15 October 2012

Google Book Scan

HathiTrust Summary Judgment (5)

Suing HathiTrust (in essay form)
Proposed Settlement With Google (in essay form)
Suing Google (in essay form)

Judge Baer made a number of findings concerning the merits of the HathiTrust suit. Several are unremarkable, such as his compelled-by-the-statute finding that § 108 does not limit other rights and obligations of libraries found elsewhere after § 106A, but instead supplements them. The real problem with Judge Baer's opinion is the meat of the substance: The analysis of fair use. In one sense — a sense that is being entirely ignored, and is unfortunately implicated by some less than ideal rhetoric in the opinion itself — Judge Baer's analysis is quite unremarkable and quite correct. In a broader sense, though, its lofty statements of principle do not stand up to analysis... and ultimately, Judge Baer falls into the nonstatutory-fair-use-factor trap in his analysis.

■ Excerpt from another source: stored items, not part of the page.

lemma Hoeffding_PiM_uniform:
  fixes f :: "'i \<Rightarrow> 'a \<Rightarrow> real" and c \<delta> :: real
  assumes D: "prob_space D"
    and f: "\<And>i. i \<in> K \<Longrightarrow> f i \<in> borel_measurable D"
    and f_bound: "\<And>i x. i \<in> K \<Longrightarrow> x \<in> space D \<Longrightarrow> \<bar>f i x\<bar> \<le> c" and "c > 0"
    and K: "finite K" "K \<noteq> {}" and I: "finite I" "I \<noteq> {}"
    and \<delta>: "0 < \<delta>" "\<delta> \<le> 1"
  defines "t \<equiv> c * sqrt (2 * ln (2 * card K / \<delta>) / card I)"
  shows "\<exists>E \<in> sets (PiM I (\<lambda>_. D)). measure (PiM I (\<lambda>_. D)) E \<ge> 1 - \<delta> \<and>
           (\<forall>S\<in>E. \<forall>i\<in>K. \<bar>(\<Sum>j\<in>I. f i (S j)) / card I - integral\<^sup>L D (f i)\<bar> \<le> t)"
proof -
  let ?P = "PiM I (\<lambda>_. D)"
  interpret P: prob_space ?P using D by (rule prob_space_PiM)
  define L where "L = ln (2 * card K / \<delta>)"
  define Bad where
    "Bad i = {S \<in> space ?P. \<bar>(\<Sum>j\<in>I. f i (S j)) / card I - integral\<^sup>L D (f i)\<bar> \<ge> t}" for i
  have "card K \<ge> 1" using K by (simp add: Suc_leI card_gt_0_iff)
  then have "2 * card K / \<delta> > 1" using \<delta> by (simp add: field_simps)
  then have L_pos: "L > 0" unfolding L_def by simp
  have t_sq: "t\<^sup>2 = c\<^sup>2 * (2 * L / card I)"
    unfolding t_def using L_pos by (simp add: power_mult_distrib L_def)
  have Bad_sets: "Bad i \<in> sets ?P" if "i \<in> K" for i
  proof -
    have "(\<lambda>S. f i (S j)) \<in> borel_measurable ?P" if "j \<in> I" for j
      using measurable_compose[OF measurable_component_singleton[OF that] f[OF \<open>i \<in> K\<close>]] by simp
    then show ?thesis unfolding Bad_def by measurable
  qed
  have Bad_prob: "measure ?P (Bad i) \<le> \<delta> / card K" if "i \<in> K" for i
  proof -
    have "measure ?P (Bad i) \<le> 2 * exp (-2 * card I * t\<^sup>2 / (c - - c)\<^sup>2)"
      unfolding Bad_def
    proof (rule Hoeffding_PiM_abs_ge[OF D f[OF that] _ _ I])
      show "f i x \<in> {-c..c}" if "x \<in> space D" for x
        using f_bound[OF \<open>i \<in> K\<close> that] by (simp add: abs_le_iff)
      show "t \<ge> 0" unfolding t_def using \<open>c > 0\<close> L_pos by (simp add: L_def)
    qed (use \<open>c > 0\<close> in simp)
    also have "-2 * card I * t\<^sup>2 / (c - - c)\<^sup>2 = - L"
      using t_sq \<open>c > 0\<close> I by (simp add: power2_eq_square field_simps)
    also have "2 * exp (- L) = \<delta> / card K"
      unfolding L_def using \<delta> K by (simp add: exp_minus card_gt_0_iff)
    finally show ?thesis .
  qed
  define E where "E = space ?P - (\<Union>i\<in>K. Bad i)"
  have Bad_union: "(\<Union>i\<in>K. Bad i) \<in> sets ?P" using Bad_sets K by (intro sets.finite_UN) auto
  have "measure ?P (\<Union>i\<in>K. Bad i) \<le> (\<Sum>i\<in>K. measure ?P (Bad i))"
    by (rule measure_UNION_le) (use K Bad_sets in auto)
  also have "\<dots> \<le> (\<Sum>i\<in>K. \<delta> / card K)"
    by (rule sum_mono) (rule Bad_prob)
  also have "\<dots> = \<delta>" using K by simp
  finally have "measure ?P E \<ge> 1 - \<delta>"
    unfolding E_def using P.prob_compl[OF Bad_union] by simp
  moreover have "E \<in> sets ?P" unfolding E_def using Bad_union by blast
  moreover have "\<forall>S\<in>E. \<forall>i\<in>K. \<bar>(\<Sum>j\<in>I. f i (S j)) / card I - integral\<^sup>L D (f i)\<bar> \<le> t"
    unfolding E_def Bad_def by force
  ultimately show ?thesis by blast
qed

definition residual :: "nat \<Rightarrow> mat \<Rightarrow> vec \<Rightarrow> vec \<Rightarrow> vec" where
  "residual d A b \<psi> = (\<lambda>r. (\<Sum>j<d. A r j * \<psi> j) - b r)"

definition residual_inner :: "nat \<Rightarrow> nat \<Rightarrow> mat \<Rightarrow> vec \<Rightarrow> vec \<Rightarrow> vec \<Rightarrow> real" where
  "residual_inner g d A b \<psi> \<psi>' = (\<Sum>r<g. residual d A b \<psi> r * residual d A b \<psi>' r)"

lemma sqloss_eq_residual_inner: "sqloss g d A b \<psi> = residual_inner g d A b \<psi> \<psi>"
  unfolding sqloss_def residual_inner_def residual_def by (simp add: power2_eq_square)

lemma abs_residual_inner_le:
  "\<bar>residual_inner g d A b \<psi> \<psi>'\<bar> \<le> (sqloss g d A b \<psi> + sqloss g d A b \<psi>') / 2"
proof -
  have am_gm: "\<bar>u\<bar> * \<bar>v\<bar> \<le> (u\<^sup>2 + v\<^sup>2) / 2" for u v :: real
    using sum_squares_bound[of "\<bar>u\<bar>" "\<bar>v\<bar>"] by simp
  have "\<bar>residual_inner g d A b \<psi> \<psi>'\<bar> \<le> (\<Sum>r<g. \<bar>residual d A b \<psi> r\<bar> * \<bar>residual d A b \<psi>' r\<bar>)"
    unfolding residual_inner_def abs_mult[symmetric] by (rule sum_abs)
  also have "\<dots> \<le> (\<Sum>r<g. ((residual d A b \<psi> r)\<^sup>2 + (residual d A b \<psi>' r)\<^sup>2) / 2)"
    by (intro sum_mono am_gm)
  also have "\<dots> = (sqloss g d A b \<psi> + sqloss g d A b \<psi>') / 2"
    unfolding sqloss_def residual_def by (simp add: sum_divide_distrib[symmetric] sum.distrib)
  finally show ?thesis .
qed

lemma residual_comb:
  assumes "(\<Sum>i<k. \<omega> i) = 1"
  shows "residual d A b (comb k \<phi> \<omega>) r = (\<Sum>i<k. \<omega> i * residual d A b (\<phi> i) r)"
proof -
  have "(\<Sum>j<d. A r j * comb k \<phi> \<omega> j) = (\<Sum>i<k. \<omega> i * (\<Sum>j<d. A r j * \<phi> i j))"
    unfolding comb_def by (simp add: sum_distrib_left mult_ac sum.swap[of _ "{..<d}"])
  moreover have "b r = (\<Sum>i<k. \<omega> i * b r)"
    using assms by (simp add: sum_distrib_right[symmetric])
  ultimately show ?thesis
    unfolding residual_def by (simp add: right_diff_distrib sum_subtractf)
qed

lemma sqloss_comb:
  assumes "(\<Sum>i<k. \<omega> i) = 1"
  shows "sqloss g d A b (comb k \<phi> \<omega>)
           = (\<Sum>i<k. \<Sum>l<k. \<omega> i * \<omega> l * residual_inner g d A b (\<phi> i) (\<phi> l))"
proof -
  have "sqloss g d A b (comb k \<phi> \<omega>)
          = (\<Sum>r<g. \<Sum>i<k. \<Sum>l<k. \<omega> i * \<omega> l * (residual d A b (\<phi> i) r * residual d A b (\<phi> l) r))"
    unfolding sqloss_eq_residual_inner residual_inner_def residual_comb[OF assms]
    by (simp add: sum_product mult_ac)
  also have "\<dots> = (\<Sum>i<k. \<Sum>l<k. \<omega> i * \<omega> l * residual_inner g d A b (\<phi> i) (\<phi> l))"
    unfolding residual_inner_def sum_distrib_left
    by (subst sum.swap) (simp add: sum.swap[of _ "{..<g}"])
  finally show ?thesis .
qed

lemma abs_simplex_quadratic_form_le:
  assumes "\<omega> \<in> wsimplex k" and "\<And>i l. i < k \<Longrightarrow> l < k \<Longrightarrow> \<bar>e i l\<bar> \<le> t"
  shows "\<bar>\<Sum>i<k. \<Sum>l<k. \<omega> i * \<omega> l * e i l\<bar> \<le> t"
proof -
  have nonneg: "\<And>i. i < k \<Longrightarrow> 0 \<le> \<omega> i" and total: "(\<Sum>i<k. \<omega> i) = 1"
    using assms(1) by (auto simp: wsimplex_def)
  have "\<bar>\<Sum>i<k. \<Sum>l<k. \<omega> i * \<omega> l * e i l\<bar> \<le> (\<Sum>i<k. \<Sum>l<k. \<bar>\<omega> i * \<omega> l * e i l\<bar>)"
    by (rule order_trans[OF sum_abs sum_mono[OF sum_abs]])
  also have "\<dots> \<le> (\<Sum>i<k. \<Sum>l<k. \<omega> i * \<omega> l * t)"
    by (intro sum_mono) (simp add: abs_mult nonneg assms(2) mult_left_mono)
  also have "\<dots> = t * (\<Sum>i<k. \<omega> i) * (\<Sum>l<k. \<omega> l)"
    by (simp add: sum_distrib_left sum_distrib_right mult_ac)
  finally show ?thesis using total by simp
qed
text \<open>For \<open>b = (1, x)\<close> the digit \<open>i(b)\<close> is the number of coordinates of \<open>x\<close>
  exceeding \<open>1 - x\<^sub>n\<close>, so \<open>\<pi>\<sigma>\<close> merely inserts \<open>1 - x\<^sub>n\<close> into the decreasing vector
  \<open>x\<close> at its sorted position; normalising by the (positive) first coordinate lands in
  \<open>B\<^sup>n\<close> again. If \<open>T x = T y\<close> with \<open>x, y\<close> in the same fibre \<open>B(j)\<close>, then \<open>\<pi>\<sigma>(1, y)\<close>
  is a multiple \<open>r\<close> of \<open>\<pi>\<sigma>(1, x)\<close>; deleting the \<open>j\<close>-th coordinate gives \<open>y = r x\<close>,
  and comparing \<open>j\<close>-th coordinates gives \<open>1 - r x\<^sub>n = r (1 - x\<^sub>n)\<close>, i.e. \<open>r = 1\<close>.\<close>

lemma Bn_iff:
  "x \<in> Bn n \<longleftrightarrow> length x = n \<and> sorted_wrt (\<ge>) x \<and> set x \<subseteq> {0..1}"
proof
  assume x: "x \<in> Bn n"
  then have len: "length x = n" by (simp add: Bn_def)
  have sorted: "sorted_wrt (\<ge>) x"
    using x by (simp add: Bn_def sorted_wrt_iff_nth_Suc_transp transp_def)
  have antimono: "x ! j \<le> x ! i" if "i \<le> j" "j < n" for i j
    using sorted_wrt_nth_less[OF sorted, of i j] that len by (cases "i = j") auto
  have "x ! k \<in> {0..1}" if "k < n" for k
  proof -
    have "x ! (n - 1) \<le> x ! k" "x ! k \<le> x ! 0"
      using antimono[of k "n - 1"] antimono[of 0 k] that by auto
    then show ?thesis using x that by (auto simp: Bn_def)
  qed
  then have "set x \<subseteq> {0..1}"
    using len by (auto simp: in_set_conv_nth)
  with len sorted show "length x = n \<and> sorted_wrt (\<ge>) x \<and> set x \<subseteq> {0..1}" by blast
next
  assume "length x = n \<and> sorted_wrt (\<ge>) x \<and> set x \<subseteq> {0..1}"
  then have len: "length x = n" and sorted: "sorted_wrt (\<ge>) x" and bounds: "set x \<subseteq> {0..1}"
    by auto
  have "x ! k \<in> {0..1}" if "k < n" for k
    using bounds nth_mem[of k x] that len by blast
  moreover have "x ! Suc k \<le> x ! k" if "Suc k < n" for k
    using sorted_wrt_nth_less[OF sorted, of k "Suc k"] that len by simp
  ultimately show "x \<in> Bn n"
    using len by (simp add: Bn_def)
qed

lemma Bn_last:
  assumes "x \<in> Bn n" "n \<ge> 1"
  shows "x \<noteq> []" "0 \<le> last x" "last x \<le> 1"
proof -
  show "x \<noteq> []" using assms by (auto simp: Bn_iff)
  then have "last x \<in> set x" by simp
  then show "0 \<le> last x" "last x \<le> 1" using assms by (auto simp: Bn_iff)
qed

text \<open>The coordinate \<open>b\<^sub>0 - b\<^sub>n\<close> inserted by \<open>\<pi>\<sigma>\<close> when \<open>b = (1, x)\<close>.\<close>
definition pivot :: "real list \<Rightarrow> real" where
  "pivot x = 1 - last x"

lemma sel_idx_Cons_one:
  assumes "x \<noteq> []" "last x \<le> 1"
  shows "sel_idx (1 # x) = length (takeWhile ((<) (pivot x)) x)"
proof -
  let ?L = "length (takeWhile ((<) (pivot x)) x)"
  have "(1 # x) ! (length (1 # x) - 1) = last x"
    using assms(1) by (simp add: last_conv_nth)
  then have "sel_idx (1 # x) =
      (LEAST j. j \<le> length x \<and> (if j < length x then x ! j else 0) \<le> pivot x)"
    by (simp add: sel_idx_def bcomp_def pivot_def)
  also have "\<dots> = ?L"
  proof (rule Least_equality)
    have "?L \<le> length x" by (rule length_takeWhile_le)
    moreover have "x ! ?L \<le> pivot x" if "?L < length x"
      using nth_length_takeWhile[OF that] by simp
    moreover have "0 \<le> pivot x" using assms(2) by (simp add: pivot_def)
    ultimately show "?L \<le> length x \<and> (if ?L < length x then x ! ?L else 0) \<le> pivot x"
      by simp
    show "?L \<le> j" if "j \<le> length x \<and> (if j < length x then x ! j else 0) \<le> pivot x" for j
    proof (rule ccontr)
      assume "\<not> ?L \<le> j"
      then have "j < ?L" by simp
      then have "pivot x < x ! j"
        using set_takeWhileD[OF nth_mem[OF \<open>j < ?L\<close>]] takeWhile_nth[OF \<open>j < ?L\<close>] by simp
      moreover have "j < length x"
        using \<open>j < ?L\<close> length_takeWhile_le[of "(<) (pivot x)" x] by linarith
      ultimately show False using that by simp
    qed
  qed
  finally show ?thesis .
qed

lemma sel_idx_le:
  assumes "x \<in> Bn n" "n \<ge> 1"
  shows "sel_idx (1 # x) \<le> n"
  using assms length_takeWhile_le[of "(<) (pivot x)" x]
  by (simp add: sel_idx_Cons_one[OF Bn_last(1,3)[OF assms]] Bn_iff)

lemma pisigma_Cons_one:
  assumes "x \<noteq> []" "last x \<le> 1"
  shows "pisigma (1 # x) = takeWhile ((<) (pivot x)) x @ pivot x # dropWhile ((<) (pivot x)) x"
proof -
  have "(1 # x) ! (length (1 # x) - 1) = last x"
    using assms(1) by (simp add: last_conv_nth)
  then show ?thesis
    unfolding pisigma_def sel_idx_Cons_one[OF assms] Let_def
    by (simp add: pivot_def flip: takeWhile_eq_take dropWhile_eq_drop)
qed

Too many commentators (including some who should know better) have completely neglected the civil-procedure prologue to the juicy stuff. Judge Baer's opinion, by its own terms, does not apply to mass digitization programs... because there was no one with standing before him to object to mass digitization programs. Instead, Judge Baer's opinion applies only to the seventy-odd works (by only a dozen authors) listed on Exhibit A to the First Amended Complaint. After throwing out the associational standing assertions, Exhibit A is all that is left of the case.32 Unfortunately, Judge Baer's rhetoric is not so limited; neither is his fair use analysis.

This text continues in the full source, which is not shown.